To conclude, our results suggest that dog and cat owners recognise the potential benefits of telemedicine but that uptake of this service is low. This finding raises questions about the current availability of telemedicine but also about whether veterinarians believe that the potential benefits outweigh the risks and challenges and therefore make it available and promote it to their clients.

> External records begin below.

lemma monotone_set_convex_combination_gap_nonneg:
  fixes V :: "('a::real_inner \<times> 'a) set"
  assumes "finite V" "monotone_set V" and \<mu>_nonneg: "\<forall>s\<in>V. 0 \<le> \<mu> s" and \<mu>_sum: "sum \<mu> V = 1"
  defines "y \<equiv> \<Sum>s\<in>V. \<mu> s *\<^sub>R minty_center s"
  shows "0 \<le> (\<Sum>s\<in>V. \<mu> s * ((fst s - y) \<bullet> (snd s + y)))"
proof -
  define a where "a = (\<Sum>s\<in>V. \<mu> s *\<^sub>R fst s)"
  define b where "b = (\<Sum>s\<in>V. \<mu> s *\<^sub>R snd s)"
  have y: "y = (1/2) *\<^sub>R (a - b)"
    by (simp add: y_def a_def b_def minty_center_def scaleR_sum_right sum_subtractf algebra_simps)
  have ab: "a \<bullet> b \<le> (\<Sum>s\<in>V. \<mu> s * (fst s \<bullet> snd s))"
    unfolding a_def b_def
    by (rule monotone_convex_combination_inner_le) (use assms in \<open>auto simp: monotone_set_def\<close>)
  have "(\<Sum>s\<in>V. \<mu> s * ((fst s - y) \<bullet> (snd s + y)))
      = (\<Sum>s\<in>V. \<mu> s * (fst s \<bullet> snd s)) + (a - b) \<bullet> y - y \<bullet> y"
    using \<mu>_sum
    by (simp add: a_def b_def inner_diff_left inner_add_right inner_sum_left inner_sum_right algebra_simps
        sum.distrib sum_subtractf sum_distrib_right[symmetric] inner_commute)
  also have "\<dots> \<ge> a \<bullet> b + (a - b) \<bullet> y - y \<bullet> y"
    using ab by simp
  also have "a \<bullet> b + (a - b) \<bullet> y - y \<bullet> y = (norm ((1/2) *\<^sub>R (a + b)))\<^sup>2"
    unfolding y power2_norm_eq_inner by (simp add: algebra_simps inner_commute)
  finally show ?thesis
    by (rule order_trans[OF zero_le_power2])
qed

lemma mem_convex_hull_finite_image:
  fixes f :: "'i \<Rightarrow> 'a::real_vector"
  assumes "finite I" "y \<in> convex hull (f ` I)"
  obtains \<mu> where "\<forall>i\<in>I. 0 \<le> \<mu> i" "sum \<mu> I = 1" "y = (\<Sum>i\<in>I. \<mu> i *\<^sub>R f i)"
proof -
  obtain u where u_nonneg: "\<forall>v\<in>f ` I. 0 \<le> u v" and u_sum: "sum u (f ` I) = 1"
    and y: "(\<Sum>v\<in>f ` I. u v *\<^sub>R v) = y"
    using assms convex_hull_finite[of "f ` I"] by auto
  define n where "n v = real (card {j\<in>I. f j = v})" for v
  define \<mu> where "\<mu> i = u (f i) / n (f i)" for i
  have fibre: "(\<Sum>j\<in>{j\<in>I. f j = v}. \<mu> j *\<^sub>R g (f j)) = u v *\<^sub>R g v"
    if "v \<in> f ` I" for v and g :: "'a \<Rightarrow> 'b::real_vector"
  proof -
    have "n v \<noteq> 0"
      using that assms(1) by (auto simp: n_def)
    have "(\<Sum>j\<in>{j\<in>I. f j = v}. \<mu> j *\<^sub>R g (f j)) = (\<Sum>j\<in>{j\<in>I. f j = v}. (u v / n v) *\<^sub>R g v)"
      by (intro sum.cong) (auto simp: \<mu>_def)
    also have "\<dots> = n v *\<^sub>R ((u v / n v) *\<^sub>R g v)"
      unfolding sum_constant_scaleR n_def by simp
    finally show ?thesis
      using \<open>n v \<noteq> 0\<close> by simp
  qed
  have "(\<Sum>i\<in>I. \<mu> i *\<^sub>R f i) = (\<Sum>v\<in>f ` I. u v *\<^sub>R v)"
    using fibre[of _ id] by (simp add: sum.image_gen[OF assms(1), of "\<lambda>i. \<mu> i *\<^sub>R f i" f])
  moreover have "sum \<mu> I = sum u (f ` I)"
    using fibre[of _ "\<lambda>_. 1::real"] by (simp add: sum.image_gen[OF assms(1), of \<mu> f])
  moreover have "\<forall>i\<in>I. 0 \<le> \<mu> i"
    using u_nonneg by (simp add: \<mu>_def n_def)
  ultimately show ?thesis
    using that u_sum y by simp
qed

lemma continuous_on_Max:
  fixes f :: "'i \<Rightarrow> 'a::topological_space \<Rightarrow> real"
  assumes "finite S" "S \<noteq> {}" "\<And>s. s \<in> S \<Longrightarrow> continuous_on K (f s)"
  shows "continuous_on K (\<lambda>y. Max ((\<lambda>s. f s y) ` S))"
  using assms
proof (induction S rule: finite_ne_induct)
  case (singleton s)
  then show ?case by simp
next
  case (insert s F)
  then have "continuous_on K (\<lambda>y. max (f s y) (Max ((\<lambda>s. f s y) ` F)))"
    by (intro continuous_on_max) auto
  with insert show ?case
    by simp
qed

lemma power2_norm_add_scaleR_diff:
  "(norm (y + t *\<^sub>R d - c))\<^sup>2 = (norm (y - c))\<^sup>2 + 2 * t * (d \<bullet> (y - c)) + t\<^sup>2 * (norm d)\<^sup>2"
  unfolding power2_norm_eq_inner
  by (simp add: inner_commute algebra_simps power2_eq_square)

lemma norm_diff_decreases_towards_closest_point:
  fixes y p c :: "'a::real_inner"
  assumes "convex L" "closed L" "p \<in> L" "\<forall>k\<in>L. dist y p \<le> dist y k" "c \<in> L"
    and "p \<noteq> y" "0 < t" "t < 1"
  shows "norm (y + t *\<^sub>R (p - y) - c) < norm (y - c)"
proof -
  have "(y - p) \<bullet> (c - p) \<le> 0"
    by (rule any_closest_point_dot) (use assms in \<open>auto simp: dist_commute\<close>)
  then have "(p - y) \<bullet> (y - c) \<le> - (norm (p - y))\<^sup>2"
    by (simp add: power2_norm_eq_inner algebra_simps inner_commute)
  then have "2 * t * ((p - y) \<bullet> (y - c)) \<le> 2 * t * - (norm (p - y))\<^sup>2"
    using \<open>0 < t\<close> by (intro mult_left_mono) auto
  then have "(norm (y + t *\<^sub>R (p - y) - c))\<^sup>2 \<le> (norm (y - c))\<^sup>2 - t * (2 - t) * (norm (p - y))\<^sup>2"
    unfolding power2_norm_add_scaleR_diff by (simp add: algebra_simps power2_eq_square)
  also have "\<dots> < (norm (y - c))\<^sup>2"
    using assms(6-8) by simp
  finally show ?thesis
    by (rule power2_less_imp_less) simp
qed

Future research should explore these aspects in more detail. For example, further research is needed on the technology and equipment required to optimise the delivery of telemedicine within veterinary practice. Research should also explore the impact on patient care and the clinical scenarios in which the use of telemedicine is most appropriate. In addition, we believe that increasing the use of telemedicine may affect the daily structure and routines of veterinarians' working lives, for example, by facilitating working from home, which merits further investigation.

AUTHOR CONTRIBUTIONS

Conceptualisation: Svenja Springer, Thomas Bøker Lund, Sandra A. Corr and Peter Sandøe. Data curation: Svenja Springer. Formal analysis: Svenja Springer and Thomas Bøker Lund. Funding acquisition: Peter Sandøe. Investigation: Svenja Springer and Thomas Bøker Lund. Methodology: Svenja Springer and Thomas Bøker Lund. Validation: Thomas Bøker Lund. Visualisation: Svenja Springer. Writing original draft: Svenja Springer. Writing review and editing: Peter Sandøe, Thomas Bøker Lund and Sandra A. Corr.

ACKNOWLEDGEMENTS

The authors thank the dog and cat owners who participated in this study. Furthermore, they also thank the owners who improved the quality of the questionnaire by participating in the cognitive interviews and pilot study. The study was supported via the Danish Centre for Companion Animal Welfare, of which Peter Sandøe is a leader. The Centre receives its core funding from the charitable foundation Skibsreder Per Henriksen, R. og Hustrus Fond. The funder had no influence on the design of the study or the interpretation of the presented results.

    CONFLICT OF INTEREST STATEMENT

    The authors declare they have no conflicts of interest.

    ETHICS STATEMENT

    The project was approved by the Research Ethics Committee of Science and Health (Ref: 504-010300/22-5000) at the University of Copenhagen.

    DATA AVAILABILITY STATEMENT

    The data are fully available on request from the corresponding author.